I woke up this morning and feel like the light has been turned on again in my life. I am sorry if what i say offends anyone but this is just my experience and what i am feeling. I don't know if this will be my feeling an hour later or tomorrow. I don't know where this has come from or have i particularly thought about it conciously.

I am overweight by about 4 1/2 stone - i did that by overeating.Nothing else, just overeating.

My house is a mess and disorganised - me and my family did that - nothing else.

I have BPD and depression and PTSD - i caused some of that, others caused some of that but i had choices, sometimes i made the wrong ones, sometimes the right ones.

What am i trying say? I am feeling like for the last 12 months my illness has totally taken over my life, i have cried, i have SH, i have tried to OD - why because the nature of my illness told me to do that. I allowed it to make me do this - no-one else so why am i hiding behind this and using this as an excuse for my actions, for my feelings, for how i treat people - its is not an excuse.

I am sick of this illness but i know that the only person that can get this better is me, not meds not pyschotherapy because the more i hide behind it, the more times i regress into a child, i stomp, i cry to get what i want, what i need is not helping me. I was well before, i will be well again.

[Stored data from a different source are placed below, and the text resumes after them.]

(* Let $c>0$, $\lambda>0$ and define, for $t>0$ and $|x|<ct$, $$p(x,t)=\frac{\lambda\, I_0\!\left(\frac{\lambda}{c}\sqrt{c^2t^2-x^2}\right)}{2c\,\sinh \lambda t}.$$ Then for each $t>0$, $p(\cdot,t)$ is a probability density on $(-ct,ct)$ (i.e. $\int_{-ct}^{ct}p(x,t)\,dx=1$), and $p$ satisfies $$\frac{\partial^2 p}{\partial t^2}+2\lambda\coth(\lambda t)\,\frac{\partial p}{\partial t}= c^2 \frac{\partial^2 p}{\partial x^2}\qquad (t>0,\ |x|<ct).$$
   Context: $I_0(z)=\sum_{k\ge0}\frac{(z/2)^{2k}}{(k!)^2}$ is the modified Bessel function of the first kind of order $0$. *)

theory Defs
  imports "HOL-Analysis.Analysis"
begin

definition bessel_I0 :: "real \<Rightarrow> real" where
  "bessel_I0 z = (\<Sum>k. (z / 2) ^ (2 * k) / (fact k) ^ 2)"

definition tel_density :: "real \<Rightarrow> real \<Rightarrow> real \<Rightarrow> real \<Rightarrow> real" where
  "tel_density c lam x t =
     lam * bessel_I0 ((lam / c) * sqrt (c\<^sup>2 * t\<^sup>2 - x\<^sup>2)) / (2 * c * sinh (lam * t))"

end

theory Submission
  imports Defs
begin

text \<open>
  Write \<open>I\<^sub>0(z) = G((z/2)\<^sup>2)\<close> with \<open>G(u) = \<Sum> u\<^sup>n / (n!)\<^sup>2\<close>, so that
  \<open>p = \<lambda> G(u) / (2 c sinh(\<lambda> t))\<close> with \<open>u = \<lambda>\<^sup>2 (c\<^sup>2 t\<^sup>2 - x\<^sup>2) / (4 c\<^sup>2)\<close>.
  Normalisation: integrating \<open>G(u)\<close> termwise, the moments
  \<open>\<integral>\<^bsub>-A\<^esub>\<^sup>A (A\<^sup>2 - x\<^sup>2)\<^sup>n dx = A\<^sup>2\<^sup>n\<^sup>+\<^sup>1 2\<^sup>2\<^sup>n\<^sup>+\<^sup>1 (n!)\<^sup>2 / (2n+1)!\<close> (integration by parts)
  turn the series into the odd part of the exponential series, i.e. \<open>(2c/\<lambda>) sinh(\<lambda> t)\<close>.
  Telegraph equation: \<open>G\<close> solves \<open>u G'' + G' = G\<close>, hence \<open>w = G(u)\<close> solves the Klein--Gordon
  equation \<open>w\<^sub>t\<^sub>t - c\<^sup>2 w\<^sub>x\<^sub>x = \<lambda>\<^sup>2 w\<close>; dividing by \<open>sinh(\<lambda> t)\<close>, whose second derivative is
  \<open>\<lambda>\<^sup>2 sinh(\<lambda> t)\<close>, turns it into \<open>p\<^sub>t\<^sub>t + 2 \<lambda> coth(\<lambda> t) p\<^sub>t = c\<^sup>2 p\<^sub>x\<^sub>x\<close>.
\<close>

section \<open>The power series of \<open>I\<^sub>0\<close>\<close>

definition power_series :: "(nat \<Rightarrow> real) \<Rightarrow> real \<Rightarrow> real" where
  "power_series a z = (\<Sum>n. a n * z ^ n)"

lemma power_series_has_real_derivative:
  assumes "\<And>z. summable (\<lambda>n. a n * z ^ n)"
  shows "(power_series a has_real_derivative power_series (diffs a) z) (at z)"
  unfolding power_series_def[abs_def] using termdiffs_strong_converges_everywhere[OF assms] .

lemma power_series_ode:
  assumes summable: "\<And>z. summable (\<lambda>n. a n * z ^ n)"
    and coeff: "\<And>n. real (Suc n) * diffs a n = a n"
  shows "power_series a z = power_series (diffs a) z + z * power_series (diffs (diffs a)) z"
proof -
  define f where "f n = real n * diffs a n * z ^ n" for n
  have summable2: "summable (\<lambda>n. diffs (diffs a) n * z ^ n)"
    by (intro termdiff_converges_all summable)
  have "(\<lambda>n. z * (diffs (diffs a) n * z ^ n)) sums (z * power_series (diffs (diffs a)) z)"
    unfolding power_series_def by (intro sums_mult summable_sums summable2)
  moreover have "(\<lambda>n. z * (diffs (diffs a) n * z ^ n)) = (\<lambda>n. f (Suc n))"
    by (auto simp: f_def diffs_def)
  ultimately have "f sums (z * power_series (diffs (diffs a)) z + f 0)"
    by (simp add: sums_Suc_iff)
  then have "f sums (z * power_series (diffs (diffs a)) z)"
    by (simp add: f_def)
  moreover have "(\<lambda>n. diffs a n * z ^ n) sums power_series (diffs a) z"
    unfolding power_series_def by (intro summable_sums termdiff_converges_all summable)
  ultimately have "(\<lambda>n. diffs a n * z ^ n + f n) sums
      (power_series (diffs a) z + z * power_series (diffs (diffs a)) z)"
    by (intro sums_add)
  moreover have "diffs a n * z ^ n + f n = a n * z ^ n" for n
  proof -
    have "diffs a n * z ^ n + f n = (real (Suc n) * diffs a n) * z ^ n"
      by (simp add: f_def algebra_simps)
    then show ?thesis
      by (simp only: coeff)
  qed
  ultimately show ?thesis
    unfolding power_series_def by (simp add: sums_iff)
qed

definition i0_coeff :: "nat \<Rightarrow> real" where
  "i0_coeff n = inverse ((fact n)\<^sup>2)"

lemma summable_i0_coeff: "summable (\<lambda>n. i0_coeff n * z ^ n)"
proof (rule summable_comparison_test')
  show "summable (\<lambda>n. \<bar>z\<bar> ^ n / fact n)"
    using summable_exp[of "\<bar>z\<bar>"] by (simp add: divide_inverse mult.commute)
  fix n :: nat
  have "inverse ((fact n)\<^sup>2) \<le> inverse (fact n :: real)"
    by (intro le_imp_inverse_le) (auto simp: power2_eq_square)
  then have "inverse ((fact n)\<^sup>2) * \<bar>z\<bar> ^ n \<le> inverse (fact n) * \<bar>z\<bar> ^ n"
    by (rule mult_right_mono) simp
  then show "norm (i0_coeff n * z ^ n) \<le> \<bar>z\<bar> ^ n / fact n"
    by (simp add: i0_coeff_def abs_mult power_abs divide_inverse mult.commute)
qed

lemma diffs_i0_coeff: "real (Suc n) * diffs i0_coeff n = i0_coeff n"
proof -
  have "fact (Suc n) = real (Suc n) * fact n"
    by simp
  then show ?thesis
    by (simp add: diffs_def i0_coeff_def power2_eq_square field_simps del: fact_Suc of_nat_Suc)
qed

lemma i0_series_ode:
  "power_series i0_coeff z =
     power_series (diffs i0_coeff) z + z * power_series (diffs (diffs i0_coeff)) z"
  by (rule power_series_ode[OF summable_i0_coeff diffs_i0_coeff])

lemma bessel_I0_eq_power_series: "bessel_I0 z = power_series i0_coeff ((z / 2)\<^sup>2)"
proof -
  have "(z / 2) ^ (2 * k) / (fact k)\<^sup>2 = i0_coeff k * ((z / 2)\<^sup>2) ^ k" for k
    unfolding i0_coeff_def by (subst power_mult) (simp only: divide_inverse mult.commute)
  then show ?thesis
    unfolding bessel_I0_def power_series_def by simp
qed

section \<open>Normalisation\<close>

lemma has_integral_square_diff_power_by_parts:
  fixes A :: real
  assumes A: "A \<ge> 0"
  shows "((\<lambda>x. (A\<^sup>2 - x\<^sup>2) ^ Suc n - 2 * real (Suc n) * x\<^sup>2 * (A\<^sup>2 - x\<^sup>2) ^ n)
           has_integral 0) {-A..A}"
proof -
  have "((\<lambda>x. (A\<^sup>2 - x\<^sup>2) ^ Suc n - 2 * real (Suc n) * x\<^sup>2 * (A\<^sup>2 - x\<^sup>2) ^ n) has_integral
          A * (A\<^sup>2 - A\<^sup>2) ^ Suc n - (-A) * (A\<^sup>2 - (-A)\<^sup>2) ^ Suc n) {-A..A}"
  proof (rule fundamental_theorem_of_calculus)
    fix x :: real
    have "((\<lambda>x. (A\<^sup>2 - x\<^sup>2) ^ Suc n) has_real_derivative
           real (Suc n) * (A\<^sup>2 - x\<^sup>2) ^ n * (- (2 * x))) (at x within {-A..A})"
    proof -
      have "((\<lambda>x. A\<^sup>2 - x\<^sup>2) has_real_derivative - (2 * x)) (at x within {-A..A})"
        by (auto intro!: derivative_eq_intros)
      from DERIV_power[OF this, of "Suc n"] show ?thesis
        by (simp add: ac_simps)
    qed
    from DERIV_mult[OF DERIV_ident this]
    have "((\<lambda>x. x * (A\<^sup>2 - x\<^sup>2) ^ Suc n) has_real_derivative
           (A\<^sup>2 - x\<^sup>2) ^ Suc n - 2 * real (Suc n) * x\<^sup>2 * (A\<^sup>2 - x\<^sup>2) ^ n) (at x within {-A..A})"
      by (rule DERIV_cong) (simp add: power2_eq_square algebra_simps)
    then show "((\<lambda>x. x * (A\<^sup>2 - x\<^sup>2) ^ Suc n) has_vector_derivative
           (A\<^sup>2 - x\<^sup>2) ^ Suc n - 2 * real (Suc n) * x\<^sup>2 * (A\<^sup>2 - x\<^sup>2) ^ n) (at x within {-A..A})"
      by (simp add: has_real_derivative_iff_has_vector_derivative)
  qed (use A in simp)
  then show ?thesis
    by simp
qed

lemma has_integral_square_diff_power_Suc:
  fixes A I :: real
  assumes A: "A \<ge> 0" and I: "((\<lambda>x. (A\<^sup>2 - x\<^sup>2) ^ n) has_integral I) {-A..A}"
  shows "((\<lambda>x. (A\<^sup>2 - x\<^sup>2) ^ Suc n) has_integral
           2 * real (Suc n) * A\<^sup>2 * I / (2 * real n + 3)) {-A..A}"
proof -
  have "((\<lambda>x. ((A\<^sup>2 - x\<^sup>2) ^ Suc n - 2 * real (Suc n) * x\<^sup>2 * (A\<^sup>2 - x\<^sup>2) ^ n)
           + 2 * real (Suc n) * A\<^sup>2 * (A\<^sup>2 - x\<^sup>2) ^ n) has_integral
          0 + 2 * real (Suc n) * A\<^sup>2 * I) {-A..A}"
    by (intro has_integral_add has_integral_square_diff_power_by_parts A has_integral_mult_right I)
  moreover have "((A\<^sup>2 - x\<^sup>2) ^ Suc n - 2 * real (Suc n) * x\<^sup>2 * (A\<^sup>2 - x\<^sup>2) ^ n)
           + 2 * real (Suc n) * A\<^sup>2 * (A\<^sup>2 - x\<^sup>2) ^ n
         = (2 * real n + 3) * (A\<^sup>2 - x\<^sup>2) ^ Suc n" for x
    by (simp add: algebra_simps power2_eq_square)
  ultimately have "((\<lambda>x. (2 * real n + 3) * (A\<^sup>2 - x\<^sup>2) ^ Suc n) has_integral
      2 * real (Suc n) * A\<^sup>2 * I) {-A..A}"
    by simp
  then show ?thesis
    by (subst (asm) has_integral_mult_right_iff) auto
qed

lemma has_integral_square_diff_power:
  fixes A :: real
  assumes A: "A \<ge> 0"
  shows "((\<lambda>x. (A\<^sup>2 - x\<^sup>2) ^ n) has_integral
           A ^ (2 * n + 1) * 2 ^ (2 * n + 1) * (fact n)\<^sup>2 / fact (2 * n + 1)) {-A..A}"
proof (induction n)
  case 0
  show ?case
    using A has_integral_const_real[of "1::real" "-A" A] by (simp add: mult.commute real_scaleR_def)
next
  case (Suc n)
  have "2 * real (Suc n) * A\<^sup>2 * (A ^ (2 * n + 1) * 2 ^ (2 * n + 1) * (fact n)\<^sup>2 / fact (2 * n + 1))
          / (2 * real n + 3)
        = A ^ (2 * Suc n + 1) * 2 ^ (2 * Suc n + 1) * (fact (Suc n))\<^sup>2 / fact (2 * Suc n + 1)"
  proof -
    have pow: "A ^ (2 * Suc n + 1) * 2 ^ (2 * Suc n + 1) = A ^ (2 * n + 1) * 2 ^ (2 * n + 1) * (4 * A\<^sup>2)"
      by (simp add: power2_eq_square algebra_simps)
    have fact_odd: "fact (2 * Suc n + 1) = (2 * real n + 3) * (2 * real n + 2) * (fact (2 * n + 1) :: real)"
      by (simp add: algebra_simps)
    have fact_Suc: "(fact (Suc n) :: real) = real (Suc n) * fact n"
      by simp
    have alg: "2 * s * A\<^sup>2 * (P * F\<^sup>2 / G) / (2 * m + 3)
        = P * (4 * A\<^sup>2) * (s * F)\<^sup>2 / ((2 * m + 3) * (2 * m + 2) * G)"
      if "G > 0" "m \<ge> 0" "s = m + 1" for m s P F G :: real
    proof -
      have "G \<noteq> 0" "2 * m + 3 \<noteq> 0" "2 * m + 2 \<noteq> 0"
        using that by auto
      with \<open>s = m + 1\<close> show ?thesis
        by (simp add: divide_simps) (simp add: algebra_simps power2_eq_square)
    qed
    show ?thesis
      unfolding pow fact_odd fact_Suc by (rule alg) simp_all
  qed
  with has_integral_square_diff_power_Suc[OF A Suc.IH] show ?case
    by simp
qed

lemma sinh_odd_series: "(\<lambda>n. z ^ (2 * n + 1) / fact (2 * n + 1)) sums sinh (z :: real)"
proof -
  have "(\<lambda>n. if even n then 0 else z ^ n /\<^sub>R fact n) sums sinh z"
    by (rule sinh_converges)
  also have "?this \<longleftrightarrow> (\<lambda>n. z ^ (2 * n + 1) / fact (2 * n + 1)) sums sinh z"
    by (subst sums_mono_reindex[of "\<lambda>n. 2 * n + 1", symmetric])
       (auto simp: strict_mono_def divide_inverse mult.commute elim!: oddE)
  finally show ?thesis .
qed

This is now my chance to change what i do, what i say. I can't control what others say or what others do, but i am going to accept responsibility for my actions and stop blaming my illness or other people.

I am actually angry at myself that i have allowed myself to get this bad and to have done the things i have done, but i am not gonna keep this going.

I just needed to put this down on paper so i can look at this when my feelings try and put me back where i don't want to be.

It would be so easy to sleep, to sink back into the depression, to feel sorry for myself for everything i have been through, for everything i worry about but hasn't happened yet, but who is that going to help - no-one but my illness. I am not going to let BPD tell me what i am going to be - no fucker does that.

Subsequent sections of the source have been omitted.